January 20, 2017
Entrepreneurship professor Saurav Pathak's paper published in the journal Business & Society
Submitted by Brent Fritzemeier
Kansas State University assistant professor of entrepreneurship Saurav Pathak recently had a paper accepted for publication in the journal Business & Society.
The study, "Economic Inequality and Social Entrepreneurship," explores the extent to which income inequality and income mobility — both considered indicators of economic inequality and conditions of formal regulatory institutions, government activism — facilitate or constrain the emergence of social entrepreneurship.
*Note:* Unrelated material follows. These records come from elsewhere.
lemma det_reindex_bij:
  fixes A :: "'a::comm_ring_1^'n::finite^'n" and \<psi> :: "'m::finite \<Rightarrow> 'n"
  assumes \<psi>: "bij \<psi>"
  shows "det ((\<chi> j k. A $ \<psi> j $ \<psi> k) :: 'a^'m^'m) = det A"
proof -
  let ?c = "\<lambda>q. \<psi> \<circ> q \<circ> inv \<psi>"
  have \<psi>': "bij (inv \<psi>)" and inv_inv: "inv (inv \<psi>) = \<psi>"
    using \<psi> by (simp_all add: bij_imp_bij_inv inv_inv_eq)
  have bij_conj: "bij_betw ?c {q. q permutes (UNIV::'m set)} {p. p permutes (UNIV::'n set)}"
  proof (rule bij_betw_byWitness[where f'="\<lambda>p. inv \<psi> \<circ> p \<circ> \<psi>"])
    show "\<forall>q\<in>{q. q permutes UNIV}. inv \<psi> \<circ> ?c q \<circ> \<psi> = q"
      using \<psi> by (auto simp: fun_eq_iff bij_is_inj)
    show "\<forall>p\<in>{p. p permutes UNIV}. ?c (inv \<psi> \<circ> p \<circ> \<psi>) = p"
      using \<psi> by (auto simp: fun_eq_iff bij_is_surj surj_f_inv_f)
  qed (use permutes_conj_bij(1)[OF \<psi>] permutes_conj_bij(1)[OF \<psi>'] inv_inv in auto)
  have prod_conj: "(\<Prod>i\<in>UNIV. A $ i $ ?c q i) = (\<Prod>j\<in>UNIV. A $ \<psi> j $ \<psi> (q j))" for q
    using prod.reindex_bij_betw[of \<psi> UNIV UNIV "\<lambda>i. A $ i $ ?c q i"] \<psi> by (simp add: bij_is_inj)
  have "det A = (\<Sum>q | q permutes (UNIV::'m set). of_int (sign (?c q)) * (\<Prod>i\<in>UNIV. A $ i $ ?c q i))"
    unfolding det_def
    using sum.reindex_bij_betw[OF bij_conj, of "\<lambda>p. of_int (sign p) * (\<Prod>i\<in>UNIV. A $ i $ p i)"]
    by simp
  also have "\<dots> = det ((\<chi> j k. A $ \<psi> j $ \<psi> k) :: 'a^'m^'m)"
    unfolding det_def using permutes_conj_bij(2)[OF \<psi>] prod_conj by (intro sum.cong) auto
  finally show ?thesis by simp
qed

definition reindex_vec :: "('e::finite \<Rightarrow> 'd::finite) \<Rightarrow> real^'d \<Rightarrow> real^'e" where
  "reindex_vec \<psi> x = (\<chi> j. x $ \<psi> j)"

lemma linear_reindex_vec: "linear (reindex_vec \<psi>)"
  by (auto simp: linear_iff vec_eq_iff reindex_vec_def)

lemma bounded_linear_reindex_vec: "bounded_linear (reindex_vec \<psi>)"
  by (simp add: linear_conv_bounded_linear[symmetric] linear_reindex_vec)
The research was based on a multilevel analysis of more than 75,000 individual responses from the Global Entrepreneurship Monitor survey of 26 countries. The results found that country-level income inequality increases the likelihood of individual-level engagement in social entrepreneurship, while income mobility decreases this likelihood. Further, income mobility negatively moderates the influence of income inequality on social entrepreneurship, such that the condition of low-income mobility and high-income inequality is a stronger predictor of social entrepreneurship.
"We have examined the mechanisms and conditions under which economic inequality increases the likelihood that individuals will engage in social entrepreneurship," Pathak said. "By integrating insights from institutional theory, entrepreneurial opportunities, and social entrepreneurship, we suggest that income inequality increases the likelihood of social entrepreneurship under conditions of low-income mobility. Our study extends the conceptual understanding of economic inequality and contributes to filling the gap in the emerging scholarly literature on effects of context on social entrepreneurship."